The Velsicol Chemical Corporation Hardeman County Landfill Superfund Site is located on Old Toone Road north of Highway 100 in Toone, Tennessee. The Site is a former 24-acre landfill in which about 200,000 to 300,000 drums of pesticide manufacturing waste were disposed in trenches from 1964 to 1973. These wastes contained pesticides including dieldrin, endrin, hexachlorocyclopentadiene, heptachlor, heptachlor epoxide, and volatile organic compounds (VOCs) including carbon tetrachloride and chloroform.
EPA tasked KEMRON with the construction of a soil vapor extraction (SVE) remediation system for the 3-acre Middle Disposal Area (MDA) in accordance with an April 2015 Final Remedial Design Report. The major components of this construction work includes the following:
KEMRON is also tasked with monthly monitoring and calibration on the 18 newly installed vertical extraction wells to assess effectiveness of vapor capture and balance the amount of vacuum applied to each extraction well. Routine inspection and maintenance to optimize operations. Monitoring of wireless remote monitoring system of critical system measurements such as gas flow, gas temperature and gas concentrations, vapor phase sampling and data collection to achieve a minimum 97% net reduction from baseline conditions of mean VOC soil gas concentrations with a three-year post shut-down rebound of less than 6% from baseline conditions.
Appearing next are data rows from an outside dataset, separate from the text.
(* Let $(\mathbb{F}_t)_{t\in\mathbb{N}}$ be a filtration on $\mathcal{E}$ with ranges $\mathcal{F}_t$, let $(X^{(i)}_t)_{t\in\mathbb{N}}$, $i=1,\dots,n$, be martingales with respect to $(\mathbb{F}_t)$, and let $g:\mathbb{R}^n\to\mathbb{R}$ be a continuous convex function. Write $\mathbf{X}_t=(X^{(1)}_t,\dots,X^{(n)}_t)$. If $g(\mathbf{X}_t)\in\mathcal{E}$ for all $t$, then $(g(\mathbf{X}_t))_{t\in\mathbb{N}}$ is a sub-martingale with respect to $(\mathbb{F}_t)$.
   Context: Let $\mathcal{E}$ be an order complete vector lattice with a weak order unit $E$, $K$ its Stone space, and $C^\infty(K)$ the vector lattice of continuous functions $K\to[-\infty,\infty]$ finite off a nowhere dense set (identified when equal off a nowhere dense set), the universal completion of $\mathcal{E}$. Fix a Maeda–Ogasawara representation of $\mathcal{E}$ as an order dense ideal of $C^\infty(K)$ with $E$ corresponding to $\mathbf{1}$. For continuous $g:\mathbb{R}^n\to\mathbb{R}$ and $X_1,\dots,X_n\in C^\infty(K)$, $g(X_1,\dots,X_n)$ denotes the unique element of $C^\infty(K)$ agreeing with $\omega\mapsto g(X_1(\omega),\dots,X_n(\omega))$ on the open dense set where all $X_i$ are finite. A conditional expectation on $\mathcal{E}$ is an order continuous, strictly positive linear projection $\mathbb{F}:\mathcal{E}\to\mathcal{E}$ whose range is an order complete vector sublattice of $\mathcal{E}$ and with $\mathbb{F}E=E$. A filtration is a family $(\mathbb{F}_t)$ of conditional expectations with $\mathbb{F}_s=\mathbb{F}_s\mathbb{F}_t=\mathbb{F}_t\mathbb{F}_s$ for $s\le t$; $\mathcal{F}_t$ is the range of $\mathbb{F}_t$. A process $(X_t)$ in $\mathcal{E}$ is adapted if $X_t\in\mathcal{F}_t$ for all $t$; an adapted process is a sub-martingale if $\mathbb{F}_t(X_s)\ge X_t$ for all $t\le s$, a super-martingale if $\mathbb{F}_t(X_s)\le X_t$ for all $t\le s$, and a martingale if both hold. *)

theory Defs
  imports "HOL-Analysis.Analysis"
begin

text \<open>The Stone space K is modelled by a type 'k. Elements of the universal
completion C^infinity(K) are represented by continuous functions 'k => ereal
that are finite off a nowhere dense set. Since two continuous ereal-valued
functions that agree off a nowhere dense set agree everywhere (the set where
they differ is open), the identification modulo nowhere dense sets is trivial
and every class has exactly one representative.\<close>

definition Cinf :: "('k::topological_space \<Rightarrow> ereal) set" where
  "Cinf = {f. continuous_on UNIV f \<and> interior (closure {w. \<bar>f w\<bar> = \<infinity>}) = {}}"

definition stonean_space :: "'k::t2_space itself \<Rightarrow> bool" where
  "stonean_space _ \<longleftrightarrow> compact (UNIV :: 'k set) \<and>
     (\<forall>U::'k set. open U \<longrightarrow> open (closure U))"

text \<open>Vector operations of C^infinity(K): the unique element agreeing with the
pointwise operation on the dense open set where all arguments are finite.\<close>
definition cadd :: "('k::topological_space \<Rightarrow> ereal) \<Rightarrow> ('k \<Rightarrow> ereal) \<Rightarrow> 'k \<Rightarrow> ereal" where
  "cadd X Y = (THE Z. Z \<in> Cinf \<and>
     (\<forall>w. \<bar>X w\<bar> \<noteq> \<infinity> \<and> \<bar>Y w\<bar> \<noteq> \<infinity> \<longrightarrow> Z w = X w + Y w))"

definition cscale :: "real \<Rightarrow> ('k::topological_space \<Rightarrow> ereal) \<Rightarrow> 'k \<Rightarrow> ereal" where
  "cscale c X = (THE Z. Z \<in> Cinf \<and>
     (\<forall>w. \<bar>X w\<bar> \<noteq> \<infinity> \<longrightarrow> Z w = ereal c * X w))"

definition fcalc :: "(real^'n \<Rightarrow> real) \<Rightarrow> ('n \<Rightarrow> 'k::topological_space \<Rightarrow> ereal) \<Rightarrow> 'k \<Rightarrow> ereal" where
  "fcalc g Xs = (THE Y. Y \<in> Cinf \<and>
     (\<forall>w. (\<forall>i. \<bar>Xs i w\<bar> \<noteq> \<infinity>) \<longrightarrow> Y w = ereal (g (\<chi> i. real_of_ereal (Xs i w)))))"

text \<open>E is an order dense ideal of C^infinity(K) containing the constant 1
(Maeda--Ogasawara representation with E corresponding to 1).\<close>
definition MO_space :: "('k::t2_space \<Rightarrow> ereal) set \<Rightarrow> bool" where
  "MO_space E \<longleftrightarrow> stonean_space TYPE('k) \<and> E \<subseteq> Cinf \<and>
     (\<lambda>_. 0) \<in> E \<and> (\<lambda>_. 1) \<in> E \<and>
     (\<forall>X\<in>E. \<forall>Y\<in>E. cadd X Y \<in> E) \<and>
     (\<forall>c. \<forall>X\<in>E. cscale c X \<in> E) \<and>
     (\<forall>X\<in>E. \<forall>Y\<in>Cinf. (\<forall>w. \<bar>Y w\<bar> \<le> \<bar>X w\<bar>) \<longrightarrow> Y \<in> E) \<and>
     (\<forall>Y\<in>Cinf. (\<lambda>_. 0) \<le> Y \<and> Y \<noteq> (\<lambda>_. 0) \<longrightarrow>
        (\<exists>X\<in>E. (\<lambda>_. 0) \<le> X \<and> X \<noteq> (\<lambda>_. 0) \<and> X \<le> Y))"

definition is_inf_in :: "('a::order) set \<Rightarrow> 'a set \<Rightarrow> 'a \<Rightarrow> bool" where
  "is_inf_in S D x \<longleftrightarrow> x \<in> S \<and> (\<forall>d\<in>D. x \<le> d) \<and> (\<forall>y\<in>S. (\<forall>d\<in>D. y \<le> d) \<longrightarrow> y \<le> x)"

definition is_sup_in :: "('a::order) set \<Rightarrow> 'a set \<Rightarrow> 'a \<Rightarrow> bool" where
  "is_sup_in S D x \<longleftrightarrow> x \<in> S \<and> (\<forall>d\<in>D. d \<le> x) \<and> (\<forall>y\<in>S. (\<forall>d\<in>D. d \<le> y) \<longrightarrow> x \<le> y)"

definition order_continuous_on :: "('k::t2_space \<Rightarrow> ereal) set \<Rightarrow> (('k \<Rightarrow> ereal) \<Rightarrow> ('k \<Rightarrow> ereal)) \<Rightarrow> bool" where
  "order_continuous_on E F \<longleftrightarrow>
     (\<forall>D. D \<subseteq> E \<and> D \<noteq> {} \<and> (\<forall>a\<in>D. \<forall>b\<in>D. \<exists>c\<in>D. c \<le> a \<and> c \<le> b) \<and>
          is_inf_in E D (\<lambda>_. 0) \<longrightarrow> is_inf_in E (F ` D) (\<lambda>_. 0))"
- Maintenance, refurbishment, and relocation of the Southern Disposal Area (SDA) SVE Treatment System to the MDA. System included condensate recovery, 1,200 scfm utility blower, heat exchanger, granular activated carbon treatment vessels, control panel, interconnection piping, gas analyzer, wireless remote monitoring station and system instrumentation.
- Drilling and installation of nine SVE well couplets to depths of 90 feet using rotosonic drilling techniques in Level B PPE.
- Drilling and installation of three vapor monitoring probe couplets to 90 feet using rotosonic drilling techniques in Level B PPE.
- Installation of 18 precision well heads with orifice plates and to adjust vacuum pressures and measurements of critical well parameters.
- Layout and welding of over 3,000 feet High Density Polyethylene Header (HDPE) transmission pipe to connect the SVE wells to the SVE Treatment System.
- Fabrication and installation of HDPE condensate traps along transmission pipeline.
- Start-up, operation and sampling of SVE treatment system.